▶ TASK GOAL
Retype, word for word, every line from the one holding "real \<times> real" through the one holding "(if fst \<sigma>" in the entries below, both included, and only those lines.
===== DATA SUPPLIED =====
(* Consider the client selection problem and the COCS policy described in the context, run with $K(t)=t^{z}\log(t)$ and $h_T=\lceil T^{\gamma}\rceil$, where $0<z<1$ and $0<\gamma<\frac12$. Suppose the Hölder condition holds with constants $L>0,\alpha>0$, and suppose there are a function $H$ with $H(t)>\frac{NMB}{c^{\min}}t^{-z/2}$ and constants $A>0$, $\theta<0$ such that for all $t$, $$2H(t)+\frac{2NMB}{c^{\min}}L2^{\alpha/2}h_T^{-\alpha}\le At^{\theta}.$$ Then $$\mathbb{E}[R_{\text{exploit}}(T)]\le \frac{NMB}{c^{\min}}\Big(\sum_{k=1}^{B/c^{\min}}\binom{N}{k}\Big)\frac{\pi^2}{3}+\frac{3NMB}{c^{\min}}L2^{\alpha/2}T^{1-\gamma\alpha}+\frac{A}{1+\theta}T^{1+\theta},$$ where $c^{\min}=\min_{n,t}c_n(y_n^t)$.
   Context: Setting. There are $N$ clients indexed by $\mathcal N=\{1,\dots,N\}$, $M$ edge servers (ESs) indexed by $\mathcal M=\{1,\dots,M\}$, and rounds $t=1,\dots,T$. In round $t$, ES $m$ can communicate with a set $\mathcal N_m^t\subseteq\mathcal N$ of clients (these sets may overlap). Each client $n$ reveals computation resources $y_n^t$ and charges a cost $c_n(y_n^t)>0$, with $c_n$ nondecreasing; $c^{\min}=\min_{n,t}c_n(y_n^t)$. Each ES has budget $B>0$. A feasible client selection decision in round $t$ is $\bm s^t=(\bm s_1^t,\dots,\bm s_M^t)$ with $\bm s_m^t\subseteq\mathcal N_m^t$, $\sum_{n\in\bm s_m^t}c_n(y_n^t)\le B$ for every $m$, and $\bm s_m^t\cap\bm s_{m'}^t=\emptyset$ for $m\neq m'$. Each client-ES pair $(n,m)$ with $n\in\mathcal N_m^t$ has an observed context $\phi_{n,m}^t\in\Phi=[0,1]^2$. If client $n$ is selected by ES $m$ in round $t$, its participation indicator $X_{n,m}^t\in\{0,1\}$ is Bernoulli with mean $p_{n,m}(\phi_{n,m}^t)$, where $p_{n,m}:\Phi\to[0,1]$ is unknown. The utility is $\mu(\bm s^t;\bm X^t)=\frac1M\sum_{m\in\mathcal M}\sum_{n\in\bm s_m^t}X_{n,m}^t$ (and $\mu(\bm s;\bm p^t)$ is the same with $p_{n,m}(\phi^t_{n,m})$ in place of $X^t_{n,m}$). The oracle decision $\bm s^{\mathrm{opt},t}$ maximizes $\mu(\bm s;\bm p^t)$ over feasible decisions. The expected regret is $\mathbb E[R(T)]=\sum_{t=1}^T(\mathbb E[\mu(\bm s^{\mathrm{opt},t};\bm X^t)]-\mathbb E[\mu(\bm s^t;\bm X^t)])$. Hölder condition: there exist $L>0,\alpha>0$ with $|p_{n,m}(\phi)-p_{n,m}(\phi')|\le L\|\phi-\phi'\|^{\alpha}$ for all $\phi,\phi'\in\Phi$ and all pairs $(n,m)$ (Euclidean norm). COCS policy (inputs: increasing function $K$, integer $h_T$). Partition $\Phi$ into $h_T^2$ squares of side $1/h_T$. For each pair $(n,m)$ and square $l$ keep a counter $C_{n,m}(l)$ (initially $0$) and an estimate $\hat p_{n,m}(l)$ equal to the sample mean of indicators observed when $n$ was selected by $m$ with context in $l$. In round $t$: observe contexts, let $l^t_{n,m}$ be the square containing $\phi^t_{n,m}$, set $\hat X^t_{n,m}=\hat p_{n,m}(l^t_{n,m})$; a pair is under-explored if $C_{n,m}(l^t_{n,m})\le K(t)$. If an under-explored pair exists (exploration round), select a feasible decision that first maximizes the number of selected under-explored clients and then spends remaining per-ES budget on explored clients maximizing $\mu(\cdot;\hat{\bm X}^t)$. Otherwise (exploitation round), select a feasible $\bm s^t$ maximizing $\mu(\bm s;\hat{\bm X}^t)$. At the end of the round, for each selected pair observe $X^t_{n,m}$ and update $\hat p_{n,m}(l^t_{n,m})$ (running mean) and $C_{n,m}(l^t_{n,m})$ (increment). $R_{\text{exploit}}(T)$ is the part of the regret summed over exploitation rounds. *)

theory Defs
  imports "HOL-Probability.Probability"
begin

(* A client-selection decision: ES m |-> set of clients it selects. *)
type_synonym decision = "nat \<Rightarrow> nat set"

(* Policy state: counters C_{n,m}(l) and running sums of observed indicators
   (the estimate \<hat>p_{n,m}(l) is sum / counter). Squares l are pairs of indices. *)
type_synonym cocs_state = "(nat \<Rightarrow> nat \<Rightarrow> nat \<times> nat \<Rightarrow> nat) \<times> (nat \<Rightarrow> nat \<Rightarrow> nat \<times> nat \<Rightarrow> real)"

(* feasibility of a decision in round t; cost n t = c_n(y_n^t) *)
definition feasible ::
  "nat \<Rightarrow> (nat \<Rightarrow> nat \<Rightarrow> nat set) \<Rightarrow> (nat \<Rightarrow> nat \<Rightarrow> real) \<Rightarrow> real \<Rightarrow> nat \<Rightarrow> decision \<Rightarrow> bool" where
  "feasible M Nset cost B t s \<longleftrightarrow>
     (\<forall>m. (m \<in> {1..M} \<longrightarrow> s m \<subseteq> Nset m t \<and> (\<Sum>n\<in>s m. cost n t) \<le> B)
          \<and> (m \<notin> {1..M} \<longrightarrow> s m = {}))
   \<and> (\<forall>m\<in>{1..M}. \<forall>m'\<in>{1..M}. m \<noteq> m' \<longrightarrow> s m \<inter> s m' = {})"

definition util :: "nat \<Rightarrow> decision \<Rightarrow> (nat \<Rightarrow> nat \<Rightarrow> real) \<Rightarrow> real" where
  "util M s v = (1 / real M) * (\<Sum>m\<in>{1..M}. \<Sum>n\<in>s m. v n m)"

(* index of the square of side 1/h containing phi in [0,1]^2
   (points on the upper boundary belong to the last square) *)
definition cell :: "nat \<Rightarrow> real \<times> real \<Rightarrow> nat \<times> nat" where
  "cell h phi = (nat (min (int h - 1) \<lfloor>real h * fst phi\<rfloor>),
                 nat (min (int h - 1) \<lfloor>real h * snd phi\<rfloor>))"

(* sample-mean estimate \<hat>p_{n,m}(l) (0 if no sample yet) *)
definition est_p :: "cocs_state \<Rightarrow> nat \<Rightarrow> nat \<Rightarrow> nat \<times> nat \<Rightarrow> real" where
  "est_p \<sigma> n m l = (if fst \<sigma> n m l = 0 then 0 else snd \<sigma> n m l / real (fst \<sigma> n m l))"

definition cocs_update :: "cocs_state \<Rightarrow> decision \<Rightarrow> (nat \<Rightarrow> nat \<Rightarrow> nat \<times> nat) \<Rightarrow> (nat \<Rightarrow> nat \<Rightarrow> bool) \<Rightarrow> cocs_state" where
  "cocs_update \<sigma> s lc x =
     ((\<lambda>n m l. fst \<sigma> n m l + (if n \<in> s m \<and> lc n m = l then 1 else 0)),
      (\<lambda>n m l. snd \<sigma> n m l + (if n \<in> s m \<and> lc n m = l \<and> x n m then 1 else 0)))"

(* state after rounds 1..t, for policy decision rule "pick" (round, state before the round),
   squares lc t n m, and realisation X t n m \<omega> of the participation indicators *)
primrec cocs_st ::
  "(nat \<Rightarrow> cocs_state \<Rightarrow> decision) \<Rightarrow> (nat \<Rightarrow> nat \<Rightarrow> nat \<Rightarrow> nat \<times> nat)
   \<Rightarrow> (nat \<Rightarrow> nat \<Rightarrow> nat \<Rightarrow> 'w \<Rightarrow> bool) \<Rightarrow> 'w \<Rightarrow> nat \<Rightarrow> cocs_state" where
  "cocs_st pick lc X \<omega> 0 = ((\<lambda>_ _ _. 0), (\<lambda>_ _ _. 0))"
| "cocs_st pick lc X \<omega> (Suc t) =
     cocs_update (cocs_st pick lc X \<omega> t) (pick (Suc t) (cocs_st pick lc X \<omega> t))
            (lc (Suc t)) (\<lambda>n m. X (Suc t) n m \<omega>)"

definition cocs_dec ::
  "(nat \<Rightarrow> cocs_state \<Rightarrow> decision) \<Rightarrow> (nat \<Rightarrow> nat \<Rightarrow> nat \<Rightarrow> nat \<times> nat)
   \<Rightarrow> (nat \<Rightarrow> nat \<Rightarrow> nat \<Rightarrow> 'w \<Rightarrow> bool) \<Rightarrow> 'w \<Rightarrow> nat \<Rightarrow> decision" where
  "cocs_dec pick lc X \<omega> t = pick t (cocs_st pick lc X \<omega> (t - 1))"

definition under_explored ::
  "(nat \<Rightarrow> nat \<Rightarrow> nat set) \<Rightarrow> (nat \<Rightarrow> real) \<Rightarrow> (nat \<Rightarrow> nat \<Rightarrow> nat \<Rightarrow> nat \<times> nat)
   \<Rightarrow> nat \<Rightarrow> cocs_state \<Rightarrow> nat \<Rightarrow> nat \<Rightarrow> bool" where
  "under_explored Nset K lc t \<sigma> n m \<longleftrightarrow> n \<in> Nset m t \<and> real (fst \<sigma> n m (lc t n m)) \<le> K t"

definition exploration_round ::
  "nat \<Rightarrow> (nat \<Rightarrow> nat \<Rightarrow> nat set) \<Rightarrow> (nat \<Rightarrow> real) \<Rightarrow> (nat \<Rightarrow> nat \<Rightarrow> nat \<Rightarrow> nat \<times> nat)
   \<Rightarrow> nat \<Rightarrow> cocs_state \<Rightarrow> bool" where
  "exploration_round M Nset K lc t \<sigma> \<longleftrightarrow>
     (\<exists>m\<in>{1..M}. \<exists>n. under_explored Nset K lc t \<sigma> n m)"

definition num_under ::
  "nat \<Rightarrow> (nat \<Rightarrow> nat \<Rightarrow> nat set) \<Rightarrow> (nat \<Rightarrow> real) \<Rightarrow> (nat \<Rightarrow> nat \<Rightarrow> nat \<Rightarrow> nat \<times> nat)
   \<Rightarrow> nat \<Rightarrow> cocs_state \<Rightarrow> decision \<Rightarrow> nat" where
  "num_under M Nset K lc t \<sigma> s =
     card {(n, m). m \<in> {1..M} \<and> n \<in> s m \<and> under_explored Nset K lc t \<sigma> n m}"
=====
▶ ANSWER
definition cell :: "nat \<Rightarrow> real \<times> real \<Rightarrow> nat \<times> nat" where
  "cell h phi = (nat (min (int h - 1) \<lfloor>real h * fst phi\<rfloor>),
                 nat (min (int h - 1) \<lfloor>real h * snd phi\<rfloor>))"

(* sample-mean estimate \<hat>p_{n,m}(l) (0 if no sample yet) *)
definition est_p :: "cocs_state \<Rightarrow> nat \<Rightarrow> nat \<Rightarrow> nat \<times> nat \<Rightarrow> real" where
  "est_p \<sigma> n m l = (if fst \<sigma> n m l = 0 then 0 else snd \<sigma> n m l / real (fst \<sigma> n m l))"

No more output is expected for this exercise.